--- Working data ---

text \<open>(hg0,hg1) are least favorable distributions of the minimax test
  min_delta sup_{(g0,g1) in G0 x G1} P_E, i.e. together with a minimax rule
  they form a saddle point of P_E.\<close>
definition least_favorable ::
  "(real \<Rightarrow> real) set \<Rightarrow> (real \<Rightarrow> real) set \<Rightarrow> (real \<Rightarrow> real) \<Rightarrow> (real \<Rightarrow> real) \<Rightarrow> bool" where
  "least_favorable G0 G1 hg0 hg1 \<longleftrightarrow> hg0 \<in> G0 \<and> hg1 \<in> G1 \<and>
     (\<exists>h\<delta> \<in> decision_rules.
        (\<forall>g0\<in>G0. \<forall>g1\<in>G1. error_prob h\<delta> g0 g1 \<le> error_prob h\<delta> hg0 hg1) \<and>
        (\<forall>\<delta>\<in>decision_rules. error_prob h\<delta> hg0 hg1 \<le> error_prob \<delta> hg0 hg1))"

definition lfd_coincide :: "(real \<Rightarrow> real) \<Rightarrow> (real \<Rightarrow> real) \<Rightarrow> real \<Rightarrow> real \<Rightarrow> real \<Rightarrow> bool" where
  "lfd_coincide f0 f1 \<alpha> \<epsilon>0 \<epsilon>1 \<longleftrightarrow>
     (\<exists>hg0 hg1. least_favorable (unc_class f0 \<alpha> \<epsilon>0) (unc_class f1 \<alpha> \<epsilon>1) hg0 hg1
               \<and> (AE y in lborel. hg0 y = hg1 y))"

definition limiting_params :: "(real \<Rightarrow> real) \<Rightarrow> (real \<Rightarrow> real) \<Rightarrow> real \<Rightarrow> real \<Rightarrow> real \<Rightarrow> bool" where
  "limiting_params f0 f1 \<alpha> \<epsilon>0 \<epsilon>1 \<longleftrightarrow> 0 \<le> \<epsilon>0 \<and> 0 \<le> \<epsilon>1 \<and>
     lfd_coincide f0 f1 \<alpha> \<epsilon>0 \<epsilon>1 \<and>
     (\<forall>e0 e1. 0 \<le> e0 \<and> e0 \<le> \<epsilon>0 \<and> 0 \<le> e1 \<and> e1 \<le> \<epsilon>1 \<and> (e0, e1) \<noteq> (\<epsilon>0, \<epsilon>1)
        \<longrightarrow> \<not> lfd_coincide f0 f1 \<alpha> e0 e1)"

text \<open>Likelihood ratio l = f1/f0 with values in the extended reals
  (value infinity where f0 = 0 < f1), considered on the support of f0 + f1.\<close>
definition lik_ratio :: "(real \<Rightarrow> real) \<Rightarrow> (real \<Rightarrow> real) \<Rightarrow> real \<Rightarrow> ereal" where
  "lik_ratio f0 f1 y = (if f0 y > 0 then ereal (f1 y / f0 y) else \<infinity>)"

definition supp2 :: "(real \<Rightarrow> real) \<Rightarrow> (real \<Rightarrow> real) \<Rightarrow> real set" where
  "supp2 f0 f1 = {y. f0 y > 0 \<or> f1 y > 0}"

end

theory Submission
  imports Defs
begin

text \<open>For \<open>\<alpha> = 1/2\<close> the divergence is \<open>4 (1 - \<integral>\<surd>(g f))\<close>, so the square roots of densities are
  unit vectors of \<open>L\<^sup>2\<close> and each uncertainty class is a spherical cap of angular radius
  \<open>arccos (1 - \<epsilon>/4)\<close> around \<open>\<surd>f\<^sub>i\<close>. The least favorable distributions coincide exactly when the two
  caps share a density (then the coin flip is a minimax rule and every test has error \<open>1/2\<close>).
  By the spherical triangle inequality and the great-circle arc between \<open>\<surd>f\<^sub>0\<close> and \<open>\<surd>f\<^sub>1\<close>, this
  happens iff the two radii add up to at least the angle \<open>arccos a\<close>; minimal pairs are those with
  equality, and taking the cosine of that equality gives the formula.\<close>

definition affinity :: "(real \<Rightarrow> real) \<Rightarrow> (real \<Rightarrow> real) \<Rightarrow> real" where
  "affinity g f = (LINT y|lborel. sqrt (g y) * sqrt (f y))"

lemma densitiesD:
  assumes "g \<in> densities"
  shows "g \<in> borel_measurable lborel" "\<And>y. 0 \<le> g y" "integrable lborel g" "integral\<^sup>L lborel g = 1"
  using assms unfolding densities_def by auto

lemma integrable_sqrt_mult_densities:
  assumes g: "g \<in> densities" and f: "f \<in> densities"
  shows "integrable lborel (\<lambda>y. sqrt (g y) * sqrt (f y))"
proof (rule Bochner_Integration.integrable_bound[where f="\<lambda>y. g y + f y"])
  show "integrable lborel (\<lambda>y. g y + f y)" using densitiesD[OF g] densitiesD[OF f] by auto
  show "(\<lambda>y. sqrt (g y) * sqrt (f y)) \<in> borel_measurable lborel"
    using densitiesD(1)[OF g] densitiesD(1)[OF f] by measurable
  have "sqrt (g y) * sqrt (f y) \<le> g y + f y" for y
  proof -
    have "0 \<le> g y" "0 \<le> f y" using densitiesD(2)[OF g] densitiesD(2)[OF f] by auto
    then show ?thesis using arith_geo_mean_sqrt[of "g y" "f y"] by (simp add: real_sqrt_mult)
  qed
  then show "AE y in lborel. norm (sqrt (g y) * sqrt (f y)) \<le> norm (g y + f y)"
    using densitiesD(2)[OF g] densitiesD(2)[OF f] by (simp add: add_nonneg_nonneg)
qed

---

** Work instruction **
Every line above should be printed again exactly as it stands.

** Answer to this task **
text \<open>(hg0,hg1) are least favorable distributions of the minimax test
  min_delta sup_{(g0,g1) in G0 x G1} P_E, i.e. together with a minimax rule
  they form a saddle point of P_E.\<close>
definition least_favorable ::
  "(real \<Rightarrow> real) set \<Rightarrow> (real \<Rightarrow> real) set \<Rightarrow> (real \<Rightarrow> real) \<Rightarrow> (real \<Rightarrow> real) \<Rightarrow> bool" where
  "least_favorable G0 G1 hg0 hg1 \<longleftrightarrow> hg0 \<in> G0 \<and> hg1 \<in> G1 \<and>
     (\<exists>h\<delta> \<in> decision_rules.
        (\<forall>g0\<in>G0. \<forall>g1\<in>G1. error_prob h\<delta> g0 g1 \<le> error_prob h\<delta> hg0 hg1) \<and>
        (\<forall>\<delta>\<in>decision_rules. error_prob h\<delta> hg0 hg1 \<le> error_prob \<delta> hg0 hg1))"

definition lfd_coincide :: "(real \<Rightarrow> real) \<Rightarrow> (real \<Rightarrow> real) \<Rightarrow> real \<Rightarrow> real \<Rightarrow> real \<Rightarrow> bool" where
  "lfd_coincide f0 f1 \<alpha> \<epsilon>0 \<epsilon>1 \<longleftrightarrow>
     (\<exists>hg0 hg1. least_favorable (unc_class f0 \<alpha> \<epsilon>0) (unc_class f1 \<alpha> \<epsilon>1) hg0 hg1
               \<and> (AE y in lborel. hg0 y = hg1 y))"

definition limiting_params :: "(real \<Rightarrow> real) \<Rightarrow> (real \<Rightarrow> real) \<Rightarrow> real \<Rightarrow> real \<Rightarrow> real \<Rightarrow> bool" where
  "limiting_params f0 f1 \<alpha> \<epsilon>0 \<epsilon>1 \<longleftrightarrow> 0 \<le> \<epsilon>0 \<and> 0 \<le> \<epsilon>1 \<and>
     lfd_coincide f0 f1 \<alpha> \<epsilon>0 \<epsilon>1 \<and>
     (\<forall>e0 e1. 0 \<le> e0 \<and> e0 \<le> \<epsilon>0 \<and> 0 \<le> e1 \<and> e1 \<le> \<epsilon>1 \<and> (e0, e1) \<noteq> (\<epsilon>0, \<epsilon>1)
        \<longrightarrow> \<not> lfd_coincide f0 f1 \<alpha> e0 e1)"

text \<open>Likelihood ratio l = f1/f0 with values in the extended reals
  (value infinity where f0 = 0 < f1), considered on the support of f0 + f1.\<close>
definition lik_ratio :: "(real \<Rightarrow> real) \<Rightarrow> (real \<Rightarrow> real) \<Rightarrow> real \<Rightarrow> ereal" where
  "lik_ratio f0 f1 y = (if f0 y > 0 then ereal (f1 y / f0 y) else \<infinity>)"

definition supp2 :: "(real \<Rightarrow> real) \<Rightarrow> (real \<Rightarrow> real) \<Rightarrow> real set" where
  "supp2 f0 f1 = {y. f0 y > 0 \<or> f1 y > 0}"

end

theory Submission
  imports Defs
begin

text \<open>For \<open>\<alpha> = 1/2\<close> the divergence is \<open>4 (1 - \<integral>\<surd>(g f))\<close>, so the square roots of densities are
  unit vectors of \<open>L\<^sup>2\<close> and each uncertainty class is a spherical cap of angular radius
  \<open>arccos (1 - \<epsilon>/4)\<close> around \<open>\<surd>f\<^sub>i\<close>. The least favorable distributions coincide exactly when the two
  caps share a density (then the coin flip is a minimax rule and every test has error \<open>1/2\<close>).
  By the spherical triangle inequality and the great-circle arc between \<open>\<surd>f\<^sub>0\<close> and \<open>\<surd>f\<^sub>1\<close>, this
  happens iff the two radii add up to at least the angle \<open>arccos a\<close>; minimal pairs are those with
  equality, and taking the cosine of that equality gives the formula.\<close>

definition affinity :: "(real \<Rightarrow> real) \<Rightarrow> (real \<Rightarrow> real) \<Rightarrow> real" where
  "affinity g f = (LINT y|lborel. sqrt (g y) * sqrt (f y))"

lemma densitiesD:
  assumes "g \<in> densities"
  shows "g \<in> borel_measurable lborel" "\<And>y. 0 \<le> g y" "integrable lborel g" "integral\<^sup>L lborel g = 1"
  using assms unfolding densities_def by auto

lemma integrable_sqrt_mult_densities:
  assumes g: "g \<in> densities" and f: "f \<in> densities"
  shows "integrable lborel (\<lambda>y. sqrt (g y) * sqrt (f y))"
proof (rule Bochner_Integration.integrable_bound[where f="\<lambda>y. g y + f y"])
  show "integrable lborel (\<lambda>y. g y + f y)" using densitiesD[OF g] densitiesD[OF f] by auto
  show "(\<lambda>y. sqrt (g y) * sqrt (f y)) \<in> borel_measurable lborel"
    using densitiesD(1)[OF g] densitiesD(1)[OF f] by measurable
  have "sqrt (g y) * sqrt (f y) \<le> g y + f y" for y
  proof -
    have "0 \<le> g y" "0 \<le> f y" using densitiesD(2)[OF g] densitiesD(2)[OF f] by auto
    then show ?thesis using arith_geo_mean_sqrt[of "g y" "f y"] by (simp add: real_sqrt_mult)
  qed
  then show "AE y in lborel. norm (sqrt (g y) * sqrt (f y)) \<le> norm (g y + f y)"
    using densitiesD(2)[OF g] densitiesD(2)[OF f] by (simp add: add_nonneg_nonneg)
qed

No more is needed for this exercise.